Mandela Barnes gets open path to take on Wisconsin Sen. Ron Johnson
The race is one of Democrats’ best chances of unseating a sitting Republican from the Senate.
Milwaukee Bucks executive Alex Lasry, left, withdrew from the Democratic Senate primary Wednesday afternoon and endorsed Lt. Gov. Mandela Barnes. | Mike De Sisti/Milwaukee Journal-Sentinel via AP
07/27/2022 11:36 AM EDT
Updated: 07/27/2022 04:49 PM EDT
Democrats hoping to flip Wisconsin’s Senate seat got a boost Wednesday when one of the party’s leading candidates bowed out and endorsed a rival, virtually clearing the field ahead of an expensive, hotly contested general election.
Milwaukee Bucks executive Alex Lasry withdrew from the Democratic Senate primary Wednesday afternoon and endorsed Lt. Gov. Mandela Barnes to take on Republican Sen. Ron Johnson.

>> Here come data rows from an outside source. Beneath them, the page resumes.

lemma poly_lp_certificate:
  "poly lp_certificate t = (t + 1) * t\<^sup>2 * ((t - 1/2) * (t + 1/2))\<^sup>2
     * ((t - 1/3) * (t + 1/3) * ((t - 1/6) * (t + 1/6)))"
  by (simp add: lp_certificate_def power2_eq_square algebra_simps)

lemma lp_certificate_values:
  "degree lp_certificate = 11" "poly lp_certificate 1 = 35/36"
  "sphere_poly_mean 48 lp_certificate = 1/53913600"
  by (simp_all add: lp_certificate_def sphere_poly_mean_def eval_nat_numeral)

lemma lp_certificate_nonneg:
  assumes "-1 \<le> t" and "t \<notin> {-1/3<..<-1/6} \<union> {1/6<..<1/3}"
  shows "0 \<le> poly lp_certificate t"
proof -
  consider "t \<le> -1/3" | "-1/6 \<le> t" "t \<le> 1/6" | "1/3 \<le> t"
    using assms(2) by fastforce
  then have "0 \<le> (t - 1/3) * (t + 1/3) * ((t - 1/6) * (t + 1/6))"
  proof cases
    case 1
    then have "0 \<le> (t - 1/3) * (t + 1/3)" "0 \<le> (t - 1/6) * (t + 1/6)"
      by (auto intro: mult_nonpos_nonpos)
    then show ?thesis
      by simp
  next
    case 2
    then have "(t - 1/3) * (t + 1/3) \<le> 0" "(t - 1/6) * (t + 1/6) \<le> 0"
      by (auto intro: mult_nonpos_nonneg)
    then show ?thesis
      by (simp add: mult_nonpos_nonpos)
  next
    case 3
    then show ?thesis
      by simp
  qed
  moreover have "0 \<le> (t + 1) * t\<^sup>2 * ((t - 1/2) * (t + 1/2))\<^sup>2"
    using assms(1) by simp
  ultimately show ?thesis
    unfolding poly_lp_certificate by (rule mult_nonneg_nonneg[rotated])
qed

definition admissible_inner_products :: "real set" where
  "admissible_inner_products = {-1, -1/2, -1/3, -1/6, 0, 1/6, 1/3, 1/2}"

lemma lp_certificate_root:
  "poly lp_certificate t = 0 \<Longrightarrow> t \<in> admissible_inner_products"
  by (auto simp: poly_lp_certificate admissible_inner_products_def)

definition tight_distance_count :: "real \<Rightarrow> nat" where
  "tight_distance_count t =
     (if t = -1 then 1
      else if t = 1/2 \<or> t = -1/2 then 36848
      else if t = 1/3 \<or> t = -1/3 then 1678887
      else if t = 1/6 \<or> t = -1/6 then 12608784
      else if t = 0 then 23766960
      else 0)"

text \<open>The Lagrange basis polynomials of the eight admissible inner products; the last branch
  belongs to \<open>t = 0\<close>.\<close>
definition lagrange_certificate :: "real \<Rightarrow> real poly" where
  "lagrange_certificate t =
     (if t = -1 then [:0, 1/840, 0, -7/120, 0, 3/5, 0, -54/35:]
      else if t = 1/2 then [:0, 1/15, 1/5, -43/15, -9, 78/5, 324/5, 216/5:]
      else if t = -1/2 then [:0, -1/5, 1/5, 47/5, -9, -414/5, 324/5, 648/5:]
      else if t = 1/3 then [:0, -27/40, -27/10, 999/40, 108, -81/5, -1944/5, -1458/5:]
      else if t = -1/3 then [:0, 27/20, -27/10, -1161/20, 108, 1782/5, -1944/5, -2916/5:]
      else if t = 1/6 then [:0, 27/7, 27, -27, -351, -162, 972, 5832/7:]
      else if t = -1/6 then [:0, -27/5, 27, 513/5, -351, -3078/5, 972, 5832/5:]
      else [:1, 1, -49, -49, 504, 504, -1296, -1296:])"
(* Let $0<\alpha\le2$, $j\ne0$, $V\in C^2(\mathbb{T})$, and let $G\in C^2(\mathbb{T})$ satisfy (M). Let $(G_n)_{n\in\mathbb{N}}\subset C^2(\mathbb{T})$ with $\|G_n-G\|_{C^2(\mathbb{T})}\to0$, and suppose that for each $n$ problem (P) with kernel $G_n$ has a solution $(m_n,\overline{H}_n)$. Then there exists $(m,\overline{H})\in C^2(\mathbb{T})\times\mathbb{R}$ such that $\|m_n-m\|_{C^2(\mathbb{T})}\to0$ and $\overline{H}_n\to\overline{H}$ along the whole sequence, and $(m,\overline{H})$ solves problem (P) with kernel $G$.
   Context: $\mathbb{T}=\mathbb{R}/\mathbb{Z}$. Problem (P) with kernel $K\in C^2(\mathbb{T})$: find $(m,\overline{H})\in C(\mathbb{T})\times\mathbb{R}$ with $m>0$ on $\mathbb{T}$, $\int_{\mathbb{T}}m=1$, and $\frac{j^2}{2m(x)^\alpha}+V(x)=\int_{\mathbb{T}}K(x-y)m(y)\,dy+\overline{H}$ for all $x\in\mathbb{T}$. Condition (M): $\int_{\mathbb{T}^2}G(x-y)f(x)f(y)\,dx\,dy\ge0$ for all $f\in C(\mathbb{T})$. *)

theory Defs
  imports "HOL-Analysis.Analysis"
begin

text \<open>Functions on the torus T = R/Z are represented as 1-periodic functions real => real.\<close>

definition periodic1 :: "(real \<Rightarrow> real) \<Rightarrow> bool" where
  "periodic1 f \<longleftrightarrow> (\<forall>x. f (x + 1) = f x)"

definition CT :: "(real \<Rightarrow> real) \<Rightarrow> bool" where
  "CT f \<longleftrightarrow> periodic1 f \<and> continuous_on UNIV f"

definition C2T :: "(real \<Rightarrow> real) \<Rightarrow> bool" where
  "C2T f \<longleftrightarrow> periodic1 f
     \<and> (\<forall>x. (f has_real_derivative deriv f x) (at x))
     \<and> (\<forall>x. (deriv f has_real_derivative deriv (deriv f) x) (at x))
     \<and> continuous_on UNIV (deriv (deriv f))"

definition supnorm :: "(real \<Rightarrow> real) \<Rightarrow> real" where
  "supnorm f = (SUP x. \<bar>f x\<bar>)"

definition C2norm :: "(real \<Rightarrow> real) \<Rightarrow> real" where
  "C2norm f = supnorm f + supnorm (deriv f) + supnorm (deriv (deriv f))"

definition convT :: "(real \<Rightarrow> real) \<Rightarrow> (real \<Rightarrow> real) \<Rightarrow> real \<Rightarrow> real" where
  "convT K m x = integral {0..1} (\<lambda>y. K (x - y) * m y)"

definition solvesP :: "real \<Rightarrow> real \<Rightarrow> (real \<Rightarrow> real) \<Rightarrow> (real \<Rightarrow> real)
                        \<Rightarrow> (real \<Rightarrow> real) \<Rightarrow> real \<Rightarrow> bool" where
  "solvesP \<alpha> j V K m H \<longleftrightarrow> CT m \<and> (\<forall>x. m x > 0) \<and> integral {0..1} m = 1
     \<and> (\<forall>x. j\<^sup>2 / (2 * m x powr \<alpha>) + V x = convT K m x + H)"

definition condM :: "(real \<Rightarrow> real) \<Rightarrow> bool" where
  "condM G \<longleftrightarrow> (\<forall>f. CT f \<longrightarrow>
     integral {0..1} (\<lambda>x. integral {0..1} (\<lambda>y. G (x - y) * f x * f y)) \<ge> 0)"

end

(*
  Write R = K * m + H - V for the effective potential of a solution, so that (P) says
  m = (j^2 / (2 R)) powr (1 / alpha).  Uniform C^2 bounds on the kernels give uniform bounds
  0 < lo <= R_n <= hi: from above because m_n >= 1 somewhere, from below because near a minimum
  of R_n the density would be at least a multiple of 1 / |x - x_1| and could not have mass 1.
  Testing the difference of two equations against m_n - m_k, condition (M) makes the interaction
  term nonnegative, and the strong monotonicity of m |-> m powr -alpha bounds the L^1 distance of
  the densities by the kernel errors.  The mass constraint then controls H_n - H_k, and the
  explicit formula for m_n in terms of R_n controls the sup distance, so (m_n, H_n) is Cauchy.
  The limit solves (P) with kernel G, and the C^2 convergence follows from the formulas for
  m' and m'' in terms of R, R' and R''.
*)

theory Submission
  imports Defs
begin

His departure from the race leaves a nearly open path for Barnes to capture the nomination in the Aug. 9 primary. Lasry, who loaned his campaign more than $12 million, has been Barnes’ top opponent for months.
Democrats welcomed the bombshell news, arguing that it will give Barnes a head start against Johnson in one of the most pivotal Senate races in the country and aid his fundraising operation. Johnson has $3.6 million in the bank as of the latest campaign finance reports, compared to Barnes’ $1.5 million.
Wisconsin is the last big question mark left for Senate Democrats in terms of setting their candidate lineup, and Barnes’ likely win means the party has its candidate roster all-but set for the general election.
“I don’t think there’s any question it helps,” said Joe Zepecki, a Wisconsin-based Democratic strategist. “Any time there’s a contested primary, you figure it’s going to take a couple days to put everybody back together. Because of how late our primary is, the faster you can get that done, the better. The other thing that I think is really important is this sends a signal to donors that they can now coalesce as well.”
Lasry is the second Democratic candidate to step aside from the race this week. Tom Nelson, county executive of Outagamie County, suspended his bid two days ago and threw his weight behind Barnes. The only major Democrat remaining in the race, state Treasurer Sarah Godlewski, has been polling in the single digits.
“We’ve been saying since day one, the most important thing that we can do for Wisconsin is to get rid of Ron Johnson,” Lasry said in his first interview about the news. “I firmly believe that if there was no path to victory, the best thing to do is to make sure that we can as early as possible rally around a nominee so that we can spend every second that we have making sure that we’re working toward that goal.”